═════ Source data ═════

lemma braid_eq_check_sound: "braid_eq_check n u v \<Longrightarrow> word u = word v"
proof (induction v arbitrary: u)
  case Nil
  then show ?case by simp
next
  case (Cons a v)
  then obtain u' where "pull_front n (length u) a u = Some u'" and "braid_eq_check n u' v"
    by (auto split: option.splits)
  with Cons.IH show ?case
    by (simp add: word_pull_front word_Cons)
qed

end

lemma braid_monoid_if_braid_rels:
  assumes "monoid G" and "\<forall>i\<in>{1..5}. b i \<in> carrier G" and "braid_rels G b"
  shows "braid_monoid G 5 b"
  using assms unfolding braid_monoid_def braid_monoid_axioms_def braid_rels_def by auto

locale braid6 = group G + braid_monoid G 5 b for G :: "('a, 'm) monoid_scheme" (structure) and b
begin

lemma word_loop_word_5_commute:
  assumes "i \<in> {1..4}"
  shows "word (loop_word 5) \<otimes> gen i = gen i \<otimes> word (loop_word 5)"
proof -
  have "i = 1 \<or> i = 2 \<or> i = 3 \<or> i = 4"
    using assms by auto
  then have "braid_eq_check 5 (loop_word 5 @ [i]) ([i] @ loop_word 5)"
    by (elim disjE; hypsubst; code_simp)
  then have "word (loop_word 5 @ [i]) = word ([i] @ loop_word 5)"
    by (rule braid_eq_check_sound)
  then show ?thesis
    by (simp add: word_append word_Cons)
qed

lemma word_full_twist_word_5:
  "word (full_twist_word 5) = word (full_twist_word 4) \<otimes> word (loop_word 5)"
  unfolding word_append[symmetric] by (rule braid_eq_check_sound) code_simp

lemma word_full_twist_word_4:
  "word (full_twist_word 4) = word (full_twist_word 3) \<otimes> word (loop_word 4)"
  unfolding word_append[symmetric] by (rule braid_eq_check_sound) code_simp

lemma shifted_chain_relation:
  assumes "word (full_twist_word 3) = word [5,5]"
  shows "word (map ((+) 2) (full_twist_word 3)) = word [1,1]"
proof -
  define d where "d = word ([1..<6] @ [1..<6])"
  \<comment> \<open>Conjugation by \<open>d = (b1 ... b5)^2\<close> shifts \<open>bi\<close> to \<open>b(i+2)\<close> for \<open>i \<le> 3\<close> and carries \<open>b5^2\<close> to \<open>b1^2\<close>.\<close>
  have "word (map ((+) 2) (full_twist_word 3)) \<otimes> d = d \<otimes> word (full_twist_word 3)"
    unfolding d_def word_append[symmetric] by (rule braid_eq_check_sound) code_simp
  also have "\<dots> = d \<otimes> word [5,5]"
    using assms by simp
  also have "\<dots> = word [1,1] \<otimes> d"
    unfolding d_def word_append[symmetric] by (rule braid_eq_check_sound) code_simp
  finally show ?thesis
    by (simp add: d_def)
qed

lemma full_twist_trivial_if_chain_relation:
  assumes chain: "word (full_twist_word 3) = word [5,5]"
  shows "word (full_twist_word 5) = \<one>"
proof -
  \<comment> \<open>Two copies of \<open>(b1 b2 b3)^4\<close> appear; replacing them by \<open>b5^2\<close> leaves \<open>b5^2 (b3 b4 b5)^4\<close>.\<close>
  have "word [1,1,5,5] \<otimes> word (full_twist_word 5) =
      word (full_twist_word 3) \<otimes> word [5,5,4,3,5,4] \<otimes> word (full_twist_word 3) \<otimes> word [4,3,5,4]"
    unfolding word_append[symmetric] by (rule braid_eq_check_sound) code_simp
  also have "\<dots> = word [5,5] \<otimes> word [5,5,4,3,5,4,5,5,4,3,5,4]"
    using chain by (simp flip: word_append)
  also have "\<dots> = word [5,5] \<otimes> word (map ((+) 2) (full_twist_word 3))"
  proof -
    have "word [5,5,4,3,5,4,5,5,4,3,5,4] = word (map ((+) 2) (full_twist_word 3))"
      by (rule braid_eq_check_sound) code_simp
    then show ?thesis by simp
  qed
  also have "\<dots> = word [5,5] \<otimes> word [1,1]"
    using shifted_chain_relation[OF chain] by simp
  also have "\<dots> = word [1,1,5,5]"
    unfolding word_append[symmetric] by (rule braid_eq_check_sound) code_simp
  finally show ?thesis
    by simp
qed

lemma full_twist_trivial_iff:
  assumes "word (loop_word 5) \<otimes> word (loop_word 5) = \<one>"
  shows "word (full_twist_word 5) = \<one> \<longleftrightarrow> word (full_twist_word 4) = word (loop_word 5)"
proof -
  have "word (full_twist_word 5) = \<one> \<longleftrightarrow>
      word (full_twist_word 4) \<otimes> word (loop_word 5) = word (loop_word 5) \<otimes> word (loop_word 5)"
    using assms by (simp add: word_full_twist_word_5)
  also have "\<dots> \<longleftrightarrow> word (full_twist_word 4) = word (loop_word 5)"
    by simp
  finally show ?thesis .
qed

lemma chain_relation_iff_loop_commute:
  assumes "word (full_twist_word 4) = word (loop_word 5)"
  shows "word (full_twist_word 3) = word [5,5] \<longleftrightarrow>
    word (loop_word 5) \<otimes> gen 5 = gen 5 \<otimes> word (loop_word 5)"
proof -
  \<comment> \<open>Both sides say that \<open>s = b5\<close> commutes with \<open>g = b4 b3 b2 b1 b1 b2 b3 b4\<close>.\<close>
  define t g s where "t = word (full_twist_word 3)" and "g = word (loop_word 4)" and "s = gen 5"
  have closed: "t \<in> carrier G" "g \<in> carrier G" "s \<in> carrier G"
    by (simp_all add: t_def g_def s_def)
  have loop: "word (loop_word 5) = s \<otimes> g \<otimes> s"
    using word_loop_word_Suc[of 4] by (simp add: g_def s_def)
  have twist: "t \<otimes> g = s \<otimes> g \<otimes> s"
    using assms by (simp add: word_full_twist_word_4 loop t_def g_def)
  have "t = word [5,5] \<longleftrightarrow> t \<otimes> g = s \<otimes> s \<otimes> g"
    using closed by (simp add: s_def word_Cons)
  also have "\<dots> \<longleftrightarrow> s \<otimes> (g \<otimes> s) = s \<otimes> (s \<otimes> g)"
    using closed by (simp add: twist m_assoc)
  also have "\<dots> \<longleftrightarrow> g \<otimes> s = s \<otimes> g"
    using closed by simp
  also have "\<dots> \<longleftrightarrow> s \<otimes> (g \<otimes> s \<otimes> s) = s \<otimes> (s \<otimes> g \<otimes> s)"
    using closed by simp
  also have "\<dots> \<longleftrightarrow> s \<otimes> g \<otimes> s \<otimes> s = s \<otimes> (s \<otimes> g \<otimes> s)"
    using closed by (simp add: m_assoc)
  finally show ?thesis
    by (simp add: loop t_def s_def)
qed

lemma chain_relation_iff:
  assumes "word (loop_word 5) \<otimes> word (loop_word 5) = \<one>"
  shows "word (full_twist_word 3) = word [5,5] \<longleftrightarrow>
    word (full_twist_word 5) = \<one> \<and> word (loop_word 5) \<otimes> gen 5 = gen 5 \<otimes> word (loop_word 5)"
  using full_twist_trivial_if_chain_relation full_twist_trivial_iff[OF assms]
    chain_relation_iff_loop_commute by blast

lemma b_eq_word: "i \<in> {1..5} \<Longrightarrow> b i = word [i]"
  by (simp add: word_Cons gen_def b_closed)

lemma h6_eq_word: "h6 G b = word (loop_word 5)"
proof -
  have "loop_word 5 = [5,4,3,2,1,1,2,3,4,5]"
    by code_simp
  then show ?thesis
    unfolding h6_def by (simp add: b_eq_word flip: word_append)
qed

lemma h6_squared: "h6 G b [^] (2::nat) = word (loop_word 5) \<otimes> word (loop_word 5)"
  by (simp add: h6_eq_word numeral_2_eq_2)
(* Let $m\ge1$, let $r$ be a rational number with $0\le r<1$, let $k$ be an integer with $1\le k\le m$, and let $\Lambda$ be an antichain in $\mathbb{B}(2m)$ with $\lfloor r k\rfloor+1\le\min_{\lambda\in\Lambda}\rho(\lambda)$. Let $D_0$ be the set of minimal elements (with respect to inclusion) of the family $\bigcup_{\lambda\in\Lambda}\{d\in\mathbb{B}(2m): d\subseteq\lambda,\ \rho(d)=\rho(\lambda)-\lfloor rk\rfloor\}$. For $D\subseteq D_0$ write $W_D=\bigvee_{d\in D}d$. Then \[ \bigl|\mathring{\mathbf{I}}_{r,k}(\mathbb{B}(2m),\Lambda)\bigr|=\binom{m}{k}2^k+\sum_{\substack{D\subseteq D_0\\ |D|>0}}(-1)^{|D|}\sum_{j=0}^{k}\binom{\rho(W_D\vee -W_D)-\rho(W_D)}{j}\binom{m-\tfrac12\rho(W_D\vee-W_D)}{k-j}2^{k-j}. \]
   Context: For a positive integer $m$, $\pm[1,m]=\{-m,\dots,-1,1,\dots,m\}$. $\mathbb{B}(2m)$ is the Boolean lattice of all subsets of $\pm[1,m]$, with meet $\wedge=\cap$, join $\vee=\cup$, least element $\hat0=\emptyset$, and rank $\rho(b)=|b|$. For $b\in\mathbb{B}(2m)$, $-b=\{-x: x\in b\}$. For $r$, $k$, $\Lambda$ as in the claim, $\mathring{\mathbf{I}}_{r,k}(\mathbb{B}(2m),\Lambda)=\{b\in\mathbb{B}(2m): \rho(b)=k,\ b\wedge -b=\hat0,\ \rho(b\wedge\lambda)>r\cdot k\ \text{for all }\lambda\in\Lambda\}$ (the relatively $r$-blocking $k$-elements for $\Lambda$ containing no pair $\{x,-x\}$). Binomial coefficients $\binom{n}{j}$ are $0$ when $j>n$ or $j<0$. *)

theory Defs
  imports Complex_Main
begin

definition pmset :: "nat \<Rightarrow> int set" where
  "pmset m = {x. x \<noteq> 0 \<and> \<bar>x\<bar> \<le> int m}"

text \<open>Elements of the Boolean lattice B(2m): all subsets of pmset m.\<close>
definition BL :: "nat \<Rightarrow> int set set" where
  "BL m = Pow (pmset m)"

definition negset :: "int set \<Rightarrow> int set" where
  "negset b = uminus ` b"

definition antichain_in :: "int set set \<Rightarrow> bool" where
  "antichain_in \<Lambda> \<longleftrightarrow> (\<forall>a\<in>\<Lambda>. \<forall>b\<in>\<Lambda>. a \<subseteq> b \<longrightarrow> a = b)"
lemma binom_tail_poly_ratio_mono:
  assumes "1 \<le> r" "r \<le> r'" "0 < z" "z \<le> z'"
  shows "binom_tail_poly n k (z * r) * binom_tail_poly n k z'
    \<le> binom_tail_poly n k (z' * r') * binom_tail_poly n k z"
proof -
  have "binom_tail_poly n k (z * r) * binom_tail_poly n k z'
      \<le> binom_tail_poly n k (z' * r) * binom_tail_poly n k z"
    unfolding binom_tail_poly_def using assms
    by (intro sum_monomials_scaled_ratio_mono) auto
  also have "\<dots> \<le> binom_tail_poly n k (z' * r') * binom_tail_poly n k z"
    using assms by (intro mult_right_mono binom_tail_poly_mono)
      (auto simp: binom_tail_poly_def intro!: sum_nonneg)
  finally show ?thesis .
qed

text \<open>Ratio of the hazard rate of the system of used components to that of the residual life
  of the system at age \<open>x\<close>, in terms of \<open>c = S t\<close> and \<open>p = S (t + x)\<close> for the component
  survival function \<open>S\<close>.\<close>
definition kofn_hazard_ratio :: "nat \<Rightarrow> nat \<Rightarrow> real \<Rightarrow> real \<Rightarrow> real" where
  "kofn_hazard_ratio n k c p = binom_tail_log_deriv n k (p / c) / c / binom_tail_log_deriv n k p"

lemma kofn_hazard_ratio_eq_poly:
  assumes "1 \<le> k" "k \<le> n" "0 < p" "p < c" "c \<le> 1"
  shows "kofn_hazard_ratio n k c p
    = binom_tail_poly n k (p / (1 - p)) / binom_tail_poly n k (p / (c - p))"
proof -
  have "(p / c) / (1 - p / c) = p / (c - p)"
    using assms by (simp add: field_simps)
  moreover have "0 < binom_tail_poly n k (p / (1 - p))" "0 < binom_tail_poly n k (p / (c - p))"
    using assms by (auto intro!: binom_tail_poly_pos)
  moreover have "0 < real n * real ((n - 1) choose (k - 1))"
    using assms by simp
  ultimately show ?thesis
    using assms by (simp add: kofn_hazard_ratio_def binom_tail_log_deriv_eq_poly field_simps)
qed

═════

*What is being asked*
In restating the data, begin at its first line, reproduce each line word for word, and conclude with the line that contains "4) = word (full_twist_word".

*Result for this exercise*
lemma braid_eq_check_sound: "braid_eq_check n u v \<Longrightarrow> word u = word v"
proof (induction v arbitrary: u)
  case Nil
  then show ?case by simp
next
  case (Cons a v)
  then obtain u' where "pull_front n (length u) a u = Some u'" and "braid_eq_check n u' v"
    by (auto split: option.splits)
  with Cons.IH show ?case
    by (simp add: word_pull_front word_Cons)
qed

end

lemma braid_monoid_if_braid_rels:
  assumes "monoid G" and "\<forall>i\<in>{1..5}. b i \<in> carrier G" and "braid_rels G b"
  shows "braid_monoid G 5 b"
  using assms unfolding braid_monoid_def braid_monoid_axioms_def braid_rels_def by auto

locale braid6 = group G + braid_monoid G 5 b for G :: "('a, 'm) monoid_scheme" (structure) and b
begin

lemma word_loop_word_5_commute:
  assumes "i \<in> {1..4}"
  shows "word (loop_word 5) \<otimes> gen i = gen i \<otimes> word (loop_word 5)"
proof -
  have "i = 1 \<or> i = 2 \<or> i = 3 \<or> i = 4"
    using assms by auto
  then have "braid_eq_check 5 (loop_word 5 @ [i]) ([i] @ loop_word 5)"
    by (elim disjE; hypsubst; code_simp)
  then have "word (loop_word 5 @ [i]) = word ([i] @ loop_word 5)"
    by (rule braid_eq_check_sound)
  then show ?thesis
    by (simp add: word_append word_Cons)
qed

lemma word_full_twist_word_5:
  "word (full_twist_word 5) = word (full_twist_word 4) \<otimes> word (loop_word 5)"
  unfolding word_append[symmetric] by (rule braid_eq_check_sound) code_simp

lemma word_full_twist_word_4:
  "word (full_twist_word 4) = word (full_twist_word 3) \<otimes> word (loop_word 4)"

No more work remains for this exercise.